Canadian growth stocks have been in a world of pain over the past few quarters, with none other than TSX tech darling Shopify (TSX:SHOP)(NYSE:SHOP) paving the way lower.
Indeed, it’s not a great situation to be in for Canadian investors who’ve flocked to the e-commerce firm for their tech exposure. Though the top Canadian growth play does have a considerable amount of bounce-back potential, given analyst estimates are still quite elevated, I think investors must watch out for what could be a queue of downgrades over the coming weeks and months.
Regardless, Shopify is still a great business over the long run, with a top-notch management team. And the recent decline will eventually overextend itself.
Shopify stock caught in the crosshairs of a vicious growth stock selloff
Shopify, the business, is still firing on all cylinders, even though the recent quarter revealed a bit of softness as a result of unfavourable comparables on a year-over-year basis. Add the potential for an economic downturn (a recession in 2023?) in the equation, and it’s clear that Shopify stock does deserve to trade at much lower multiples. At these levels, though, I think the name has been oversold and may be overdue for a bounce once this tech-driven selloff finally concludes.

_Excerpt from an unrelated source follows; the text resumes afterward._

(* Let $K\subset\mathbb{R}^d$ be a non-empty compact set, let $\rho\in(0,1)$, let $\mathcal{B}$ be an inner regular partition of $K$ with ratio $\rho$, and let $\mathcal{T}$ be the corresponding tree. Then $\dim_{\mathrm{L}}\partial\mathcal{T}\leq\dim_{\mathrm{L}} K$.
   Context: $B(x,r)$ is the closed ball; $N_r(F)$ is the minimal number of closed $r$-balls centred in $F$ covering $F$; $\dim_{\mathrm{L}} K=\sup\{s>0:\exists C>0\ \forall 0<r\leq R<1\ \forall x\in K,\ N_r(B(x,R)\cap K)\geq C(R/r)^s\}$. Inner regular partition: for $\rho\in(0,1)$, a family $\mathcal{B}=\{(Q_{i,k},x_{i,k}):k\in\mathbb{N}\cup\{0\},\ i\in\mathcal{N}_k\}$ of non-empty Borel sets $Q_{i,k}$ with distinguished points $x_{i,k}\in K\cap Q_{i,k}$ such that, for some constants $c,C>0$: (i) $\#\mathcal{N}_0=1$; (ii) for each $k$, $K$ is the disjoint union of $Q_{i,k}$, $i\in\mathcal{N}_k$; (iii) if $k\leq m$, $i\in\mathcal{N}_k$, $j\in\mathcal{N}_m$ then either $Q_{i,k}\cap Q_{j,m}=\varnothing$ or $Q_{j,m}\subset Q_{i,k}$; (iv) $B(x_{i,k},c\rho^k)\subset Q_{i,k}\subset B(x_{i,k},C\rho^k)$ for all $k,i$; (v) $\{x_{i,k}:i\in\mathcal{N}_k\}\subset\{x_{i,k+1}:i\in\mathcal{N}_{k+1}\}$. The number of children (sets of level $k+1$ contained in a given set of level $k$) is bounded by some $M\in\mathbb{N}$. Corresponding tree: with alphabet $\mathcal{A}=\{1,\ldots,M\}$, label the root set of level $0$ by the empty word, and inductively, if the set with label $\mathtt{a}\in\mathcal{A}^k$ has children $R_1,\ldots,R_j$ ($j\leq M$), label $R_i$ by $\mathtt{a}i$. $\mathcal{T}$ is the set of all labels, $\mathcal{T}_n$ the labels of length $n$. For a word $\mathtt{a}$ of length $n$, $[\mathtt{a}]$ is the set of infinite sequences in $\mathcal{A}^{\mathbb{N}}$ beginning with $\mathtt{a}$, and $\partial\mathcal{T}=\bigcap_n\bigcup_{\mathtt{a}\in\mathcal{T}_n}[\mathtt{a}]$. The lower dimension of $\partial\mathcal{T}$ is defined as $\dim_{\mathrm{L}}\partial\mathcal{T}=\sup\{s>0:\exists C>0\ \forall 0\leq m\leq k\ \forall\mathtt{a}\in\mathcal{T}_m,\ \#\{\mathtt{b}\in\mathcal{T}_k:[\mathtt{b}]\subset[\mathtt{a}]\}\geq C\rho^{(m-k)s}\}$. *)

theory Defs
  imports "HOL-Analysis.Analysis"
begin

With Morgan Stanley’s Mike Wilson warning that the S&P 500 could fall into a bear market, risk-on growth stocks could tumble further into the abyss. Indeed, rate hikes are not good news for the hottest of growth stocks. And here in Canada, Shopify is one of the growthiest household names.
In this piece, we’ll look at Shopify stock and determine whether the falling knife is worth reaching towards to play a potential growth bounce.

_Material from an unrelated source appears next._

(* Let $\langle \mathbb{P}_\beta : \beta \le \alpha \rangle$ be a suitable mixed support forcing iteration with $\alpha<\omega_3$, based on $\langle \dot S_\gamma : \gamma\in\alpha\cap\mathrm{odd}\rangle$. Let $\beta\le\alpha$ and $p,q\in\mathbb{P}_\beta$ with $q\le^{*,s}_\beta p$. Then: (1) $p\upharpoonright\mathrm{even}=q\upharpoonright\mathrm{even}$; (2) $\mathrm{dom}(p)\subseteq\mathrm{dom}(q)$; (3) for every odd $\gamma\in\mathrm{dom}(p)$, $p\upharpoonright(\gamma\cap\mathrm{even})$ forces in $\mathbb{P}^c_\gamma$ that one of $p(\gamma)$ and $q(\gamma)$ is an end-extension of the other.
   Context: "even"/"odd" are the classes of even/odd ordinals; $\mathrm{Add}(\omega)$ is Cohen forcing; $\omega_2$ means $\omega_2$ of the ground model. Let $\alpha \le \omega_3$. A sequence of forcing posets $\langle \mathbb{P}_\beta : \beta \le \alpha\rangle$ with a sequence $\langle \dot S_\gamma : \gamma \in \alpha\cap\mathrm{odd}\rangle$ of nice $\mathbb{P}_\gamma$-names for subsets of $\omega_2 \cap \mathrm{cof}(\omega)$ is a suitable mixed support forcing iteration of length $\alpha$ based on these names if every member of each $\mathbb{P}_\beta$ is a function with domain $\subseteq\beta$ and, with $\mathbb{P}_\beta^c := \{p \in \mathbb{P}_\beta : \mathrm{dom}(p) \subseteq \mathrm{even}\}$: (1) $\mathbb{P}_0 = \{\emptyset\}$; (2) for even $\gamma<\alpha$, $p \in \mathbb{P}_{\gamma+1}$ iff $p$ is a function, $\mathrm{dom}(p)\subseteq \gamma+1$, $p\upharpoonright\gamma \in \mathbb{P}_\gamma$, and if $\gamma \in \mathrm{dom}(p)$ then $p(\gamma)\in \mathrm{Add}(\omega)$; (3) for odd $\gamma<\alpha$, $p\in\mathbb{P}_{\gamma+1}$ iff $p$ is a function, $\mathrm{dom}(p)\subseteq\gamma+1$, $p\upharpoonright\gamma\in\mathbb{P}_\gamma$, and if $\gamma\in\mathrm{dom}(p)$ then $p(\gamma)$ is a nice $\mathbb{P}^c_\gamma$-name for a nonempty closed bounded subset of $\omega_2$ with $p\upharpoonright\gamma \Vdash_{\mathbb{P}_\gamma} p(\gamma)\cap \dot S_\gamma = \emptyset$; (4) for limit $\delta \le\alpha$, $p\in\mathbb{P}_\delta$ iff $p$ is a function, $\mathrm{dom}(p)\subseteq\delta$, $|\mathrm{dom}(p)\cap\mathrm{even}|<\omega$, $|\mathrm{dom}(p)\cap\mathrm{odd}|<\omega_2$, and $p\upharpoonright\beta\in\mathbb{P}_\beta$ for all $\beta<\delta$; (5) $q\le_\beta p$ iff $\mathrm{dom}(p)\subseteq\mathrm{dom}(q)$, $p(\gamma)\subseteq q(\gamma)$ for even $\gamma\in\mathrm{dom}(p)$, and for odd $\gamma\in\mathrm{dom}(p)$, $q\upharpoonright(\gamma\cap\mathrm{even})\Vdash_{\mathbb{P}^c_\gamma}$ "$q(\gamma)$ end-extends $p(\gamma)$". $q\le^*_\beta p$ iff $q\le_\beta p$ and $q\upharpoonright\mathrm{even}=p\upharpoonright\mathrm{even}$; $\mathbb{P}^*_\beta := (\mathbb{P}_\beta,\le^*_\beta)$. $q\le^{*,s}_\beta p$ iff every $r\le^*_\beta q$ is compatible with $p$ in $\mathbb{P}^*_\beta$. For $\gamma\notin\mathrm{dom}(p)$, $p(\gamma)$ means $\emptyset$. *)

theory Defs
  imports Main
begin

Shopify stock: In free-fall mode
At around $580 and change per share, Shopify stock has now shed a grand total of about 73% from its peak. That’s a substantial drawdown to say the least. But shares aren’t close to being cheap, at least through the eyes of a value-conscious investor. Shopify trades for just north of 12 times sales. That’s pretty much in line with most other high-tech growth stocks these days. The major concern with Shopify, though, is if the company can reaccelerate its top-line growth going into what now appears to be a perfect storm of headwinds.
With rates rising faster, investors aren’t as willing to pay up for sales growth. Further, they will not be nearly as forgiving if a company fails to impress in its quarterly earnings. Now, the valuation reset has lowered the bar ahead of first-quarter numbers. Still, an economic downturn will not bode well for online retailers as a whole.
As analysts look to re-evaluate their models, I wouldn’t look to buy the dip in SHOP stock quite yet. It’s falling too fast, and knife-catchers could risk getting hurt over the near term.
If central banks can’t engineer a soft landing and a large chunk is taken out of GDP, there’s a chance that Shopify stock could test the 2020 lows of around $500 per share this year. At such a level, I’d be more willing to jump in. But for now, Shopify stock is a name to keep on your radar.
The bottom line
There’s nothing fundamentally wrong with the company. It’s finally running into an environment where the winds are facing its head rather than its tail! And with that could bring forth an entry point not seen in many years.
Canadians who missed the Shopify boat over the years may finally get a chance to punch their ticket at a reasonable valuation, perhaps even at a single-digit price-to-sales multiple.